= WORK INSTRUCTION =
Copy every line from the data below in which the string "alpha" can be found.

◆ ◆ ◆ ◆ ◆ ◆ ◆

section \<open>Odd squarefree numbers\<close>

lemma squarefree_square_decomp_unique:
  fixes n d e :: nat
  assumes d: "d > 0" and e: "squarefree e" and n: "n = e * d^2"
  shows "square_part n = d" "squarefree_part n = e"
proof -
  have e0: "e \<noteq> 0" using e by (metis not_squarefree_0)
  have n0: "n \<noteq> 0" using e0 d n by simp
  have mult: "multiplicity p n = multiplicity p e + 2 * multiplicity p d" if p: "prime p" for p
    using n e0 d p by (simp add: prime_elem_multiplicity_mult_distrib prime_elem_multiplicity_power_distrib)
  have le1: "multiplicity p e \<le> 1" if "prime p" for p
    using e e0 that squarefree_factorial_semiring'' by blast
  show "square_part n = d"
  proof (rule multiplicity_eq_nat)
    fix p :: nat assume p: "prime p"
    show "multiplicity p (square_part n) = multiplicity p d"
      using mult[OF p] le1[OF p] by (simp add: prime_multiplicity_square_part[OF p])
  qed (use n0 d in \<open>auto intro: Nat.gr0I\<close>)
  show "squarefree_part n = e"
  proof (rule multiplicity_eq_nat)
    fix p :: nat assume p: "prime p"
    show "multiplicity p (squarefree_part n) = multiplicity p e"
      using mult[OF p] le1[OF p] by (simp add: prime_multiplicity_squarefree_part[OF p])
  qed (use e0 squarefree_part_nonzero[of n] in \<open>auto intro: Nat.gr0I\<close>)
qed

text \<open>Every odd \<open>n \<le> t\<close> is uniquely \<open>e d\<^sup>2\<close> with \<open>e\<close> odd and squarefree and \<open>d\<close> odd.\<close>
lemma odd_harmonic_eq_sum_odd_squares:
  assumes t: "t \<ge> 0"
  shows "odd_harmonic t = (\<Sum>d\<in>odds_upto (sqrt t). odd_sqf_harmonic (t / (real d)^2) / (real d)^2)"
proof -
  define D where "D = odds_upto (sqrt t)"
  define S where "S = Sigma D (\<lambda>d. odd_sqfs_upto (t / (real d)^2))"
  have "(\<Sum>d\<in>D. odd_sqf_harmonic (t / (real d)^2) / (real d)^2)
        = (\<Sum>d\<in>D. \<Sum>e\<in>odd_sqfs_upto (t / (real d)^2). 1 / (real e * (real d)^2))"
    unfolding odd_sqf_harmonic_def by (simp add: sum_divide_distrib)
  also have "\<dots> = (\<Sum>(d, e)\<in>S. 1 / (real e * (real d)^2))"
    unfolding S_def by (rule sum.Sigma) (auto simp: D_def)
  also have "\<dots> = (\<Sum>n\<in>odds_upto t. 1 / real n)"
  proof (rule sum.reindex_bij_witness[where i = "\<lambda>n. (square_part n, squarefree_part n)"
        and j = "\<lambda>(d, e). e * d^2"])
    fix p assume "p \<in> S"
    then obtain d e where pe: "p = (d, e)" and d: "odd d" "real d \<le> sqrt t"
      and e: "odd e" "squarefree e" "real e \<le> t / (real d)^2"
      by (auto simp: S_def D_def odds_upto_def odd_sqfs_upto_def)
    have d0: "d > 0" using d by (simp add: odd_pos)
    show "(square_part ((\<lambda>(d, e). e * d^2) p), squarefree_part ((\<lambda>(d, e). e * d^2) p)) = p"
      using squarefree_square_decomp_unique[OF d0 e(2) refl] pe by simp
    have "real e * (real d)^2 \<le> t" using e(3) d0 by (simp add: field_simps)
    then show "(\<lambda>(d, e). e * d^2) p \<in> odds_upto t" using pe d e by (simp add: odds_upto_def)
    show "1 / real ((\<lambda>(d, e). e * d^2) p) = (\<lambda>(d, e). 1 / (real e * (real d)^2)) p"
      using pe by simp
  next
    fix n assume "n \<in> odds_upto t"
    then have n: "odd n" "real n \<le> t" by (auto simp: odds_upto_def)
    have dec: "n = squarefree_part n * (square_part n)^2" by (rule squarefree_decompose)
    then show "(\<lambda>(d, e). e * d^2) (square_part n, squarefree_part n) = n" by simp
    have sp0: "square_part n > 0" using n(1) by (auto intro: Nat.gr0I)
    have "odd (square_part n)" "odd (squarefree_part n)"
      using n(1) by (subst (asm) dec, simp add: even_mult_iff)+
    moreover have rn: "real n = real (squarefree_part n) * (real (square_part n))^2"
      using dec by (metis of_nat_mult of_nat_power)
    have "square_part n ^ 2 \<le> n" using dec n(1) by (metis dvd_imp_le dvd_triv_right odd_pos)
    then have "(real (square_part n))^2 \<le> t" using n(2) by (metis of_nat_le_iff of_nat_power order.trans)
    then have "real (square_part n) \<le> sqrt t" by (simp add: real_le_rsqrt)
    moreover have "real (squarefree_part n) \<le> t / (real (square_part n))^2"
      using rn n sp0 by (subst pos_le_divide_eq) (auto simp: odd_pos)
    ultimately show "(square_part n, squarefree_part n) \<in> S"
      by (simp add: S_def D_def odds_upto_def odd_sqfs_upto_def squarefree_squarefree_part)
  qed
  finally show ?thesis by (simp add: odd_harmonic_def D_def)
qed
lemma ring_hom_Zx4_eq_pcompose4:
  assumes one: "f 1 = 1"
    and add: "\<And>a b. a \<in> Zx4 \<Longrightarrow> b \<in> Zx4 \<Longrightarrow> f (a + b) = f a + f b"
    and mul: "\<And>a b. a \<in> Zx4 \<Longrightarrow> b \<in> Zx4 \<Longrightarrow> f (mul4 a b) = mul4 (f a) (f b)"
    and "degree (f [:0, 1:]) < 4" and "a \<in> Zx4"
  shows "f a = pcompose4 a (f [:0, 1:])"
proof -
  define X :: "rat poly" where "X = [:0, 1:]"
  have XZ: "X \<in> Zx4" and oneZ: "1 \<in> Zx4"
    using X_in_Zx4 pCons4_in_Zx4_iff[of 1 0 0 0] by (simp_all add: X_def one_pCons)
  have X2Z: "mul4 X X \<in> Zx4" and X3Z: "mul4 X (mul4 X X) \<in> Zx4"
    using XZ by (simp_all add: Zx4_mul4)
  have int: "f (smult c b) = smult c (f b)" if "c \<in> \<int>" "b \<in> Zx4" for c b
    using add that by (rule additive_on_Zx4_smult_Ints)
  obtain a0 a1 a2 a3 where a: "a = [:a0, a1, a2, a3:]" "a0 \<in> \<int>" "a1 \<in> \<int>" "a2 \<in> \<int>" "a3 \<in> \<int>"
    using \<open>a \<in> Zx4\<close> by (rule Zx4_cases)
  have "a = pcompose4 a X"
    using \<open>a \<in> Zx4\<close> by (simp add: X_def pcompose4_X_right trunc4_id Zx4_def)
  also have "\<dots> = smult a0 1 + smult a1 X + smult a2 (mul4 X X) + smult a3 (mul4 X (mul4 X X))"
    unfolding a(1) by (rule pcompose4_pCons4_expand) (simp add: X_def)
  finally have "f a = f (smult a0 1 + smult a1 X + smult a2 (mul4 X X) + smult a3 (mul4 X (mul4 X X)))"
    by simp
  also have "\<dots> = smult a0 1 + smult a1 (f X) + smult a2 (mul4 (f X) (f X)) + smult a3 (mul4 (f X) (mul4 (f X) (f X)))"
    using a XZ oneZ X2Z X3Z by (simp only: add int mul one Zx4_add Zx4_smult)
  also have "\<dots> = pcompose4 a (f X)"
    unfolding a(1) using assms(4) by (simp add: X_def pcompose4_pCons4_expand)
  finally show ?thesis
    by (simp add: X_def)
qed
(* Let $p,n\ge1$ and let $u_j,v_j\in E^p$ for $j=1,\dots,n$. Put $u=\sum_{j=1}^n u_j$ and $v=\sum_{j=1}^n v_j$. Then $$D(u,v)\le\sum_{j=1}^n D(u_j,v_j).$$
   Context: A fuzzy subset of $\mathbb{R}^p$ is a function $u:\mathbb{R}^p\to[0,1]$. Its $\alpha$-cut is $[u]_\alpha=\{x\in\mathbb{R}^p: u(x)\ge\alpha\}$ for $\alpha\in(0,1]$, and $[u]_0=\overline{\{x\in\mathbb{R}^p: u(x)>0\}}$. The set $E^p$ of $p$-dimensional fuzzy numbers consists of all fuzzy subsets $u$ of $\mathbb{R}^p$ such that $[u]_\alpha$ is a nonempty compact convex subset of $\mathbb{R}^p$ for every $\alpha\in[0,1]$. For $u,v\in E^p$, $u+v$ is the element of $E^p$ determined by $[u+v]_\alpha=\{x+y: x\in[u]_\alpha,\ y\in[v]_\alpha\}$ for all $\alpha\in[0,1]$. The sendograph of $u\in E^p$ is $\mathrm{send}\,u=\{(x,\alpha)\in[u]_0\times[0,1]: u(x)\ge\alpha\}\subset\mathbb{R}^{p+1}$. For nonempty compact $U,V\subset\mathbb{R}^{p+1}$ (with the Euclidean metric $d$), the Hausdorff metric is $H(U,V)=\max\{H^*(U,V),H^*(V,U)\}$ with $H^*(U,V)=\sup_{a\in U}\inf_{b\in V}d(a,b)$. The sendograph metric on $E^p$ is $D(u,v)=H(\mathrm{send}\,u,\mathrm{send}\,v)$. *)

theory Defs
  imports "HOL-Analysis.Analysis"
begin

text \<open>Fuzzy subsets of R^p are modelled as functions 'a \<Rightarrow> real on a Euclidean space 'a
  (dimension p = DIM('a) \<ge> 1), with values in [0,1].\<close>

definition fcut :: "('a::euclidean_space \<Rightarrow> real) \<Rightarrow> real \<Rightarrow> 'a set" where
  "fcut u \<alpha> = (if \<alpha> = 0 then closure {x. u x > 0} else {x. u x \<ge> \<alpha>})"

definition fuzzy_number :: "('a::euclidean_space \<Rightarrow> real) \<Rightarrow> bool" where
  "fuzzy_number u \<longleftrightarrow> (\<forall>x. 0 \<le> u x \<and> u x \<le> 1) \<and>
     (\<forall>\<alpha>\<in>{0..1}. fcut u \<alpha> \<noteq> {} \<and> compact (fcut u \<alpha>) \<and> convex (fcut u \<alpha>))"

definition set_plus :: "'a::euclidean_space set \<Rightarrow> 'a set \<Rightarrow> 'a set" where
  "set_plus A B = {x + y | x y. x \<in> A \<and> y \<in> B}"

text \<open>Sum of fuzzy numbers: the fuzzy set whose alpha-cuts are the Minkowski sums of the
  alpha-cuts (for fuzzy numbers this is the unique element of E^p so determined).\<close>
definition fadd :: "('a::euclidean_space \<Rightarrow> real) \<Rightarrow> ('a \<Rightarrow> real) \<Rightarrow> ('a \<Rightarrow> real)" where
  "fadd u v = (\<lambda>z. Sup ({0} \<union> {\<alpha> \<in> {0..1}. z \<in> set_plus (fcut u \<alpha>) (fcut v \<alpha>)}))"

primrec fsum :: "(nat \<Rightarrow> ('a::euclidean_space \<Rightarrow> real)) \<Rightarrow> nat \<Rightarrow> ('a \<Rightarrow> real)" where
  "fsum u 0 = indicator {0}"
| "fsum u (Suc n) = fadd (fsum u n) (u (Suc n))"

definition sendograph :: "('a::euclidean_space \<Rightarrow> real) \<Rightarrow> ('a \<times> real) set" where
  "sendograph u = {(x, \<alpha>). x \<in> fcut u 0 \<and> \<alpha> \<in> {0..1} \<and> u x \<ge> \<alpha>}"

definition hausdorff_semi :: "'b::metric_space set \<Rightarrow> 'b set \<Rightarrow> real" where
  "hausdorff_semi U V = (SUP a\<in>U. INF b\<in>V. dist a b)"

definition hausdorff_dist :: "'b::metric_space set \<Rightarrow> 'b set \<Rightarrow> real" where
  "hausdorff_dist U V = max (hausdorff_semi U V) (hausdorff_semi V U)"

◆ ◆ ◆ ◆ ◆ ◆ ◆

= TASK OUTPUT =
   Context: A fuzzy subset of $\mathbb{R}^p$ is a function $u:\mathbb{R}^p\to[0,1]$. Its $\alpha$-cut is $[u]_\alpha=\{x\in\mathbb{R}^p: u(x)\ge\alpha\}$ for $\alpha\in(0,1]$, and $[u]_0=\overline{\{x\in\mathbb{R}^p: u(x)>0\}}$. The set $E^p$ of $p$-dimensional fuzzy numbers consists of all fuzzy subsets $u$ of $\mathbb{R}^p$ such that $[u]_\alpha$ is a nonempty compact convex subset of $\mathbb{R}^p$ for every $\alpha\in[0,1]$. For $u,v\in E^p$, $u+v$ is the element of $E^p$ determined by $[u+v]_\alpha=\{x+y: x\in[u]_\alpha,\ y\in[v]_\alpha\}$ for all $\alpha\in[0,1]$. The sendograph of $u\in E^p$ is $\mathrm{send}\,u=\{(x,\alpha)\in[u]_0\times[0,1]: u(x)\ge\alpha\}\subset\mathbb{R}^{p+1}$. For nonempty compact $U,V\subset\mathbb{R}^{p+1}$ (with the Euclidean metric $d$), the Hausdorff metric is $H(U,V)=\max\{H^*(U,V),H^*(V,U)\}$ with $H^*(U,V)=\sup_{a\in U}\inf_{b\in V}d(a,b)$. The sendograph metric on $E^p$ is $D(u,v)=H(\mathrm{send}\,u,\mathrm{send}\,v)$. *)
  "fcut u \<alpha> = (if \<alpha> = 0 then closure {x. u x > 0} else {x. u x \<ge> \<alpha>})"
     (\<forall>\<alpha>\<in>{0..1}. fcut u \<alpha> \<noteq> {} \<and> compact (fcut u \<alpha>) \<and> convex (fcut u \<alpha>))"
text \<open>Sum of fuzzy numbers: the fuzzy set whose alpha-cuts are the Minkowski sums of the
  alpha-cuts (for fuzzy numbers this is the unique element of E^p so determined).\<close>
  "fadd u v = (\<lambda>z. Sup ({0} \<union> {\<alpha> \<in> {0..1}. z \<in> set_plus (fcut u \<alpha>) (fcut v \<alpha>)}))"
  "sendograph u = {(x, \<alpha>). x \<in> fcut u 0 \<and> \<alpha> \<in> {0..1} \<and> u x \<ge> \<alpha>}"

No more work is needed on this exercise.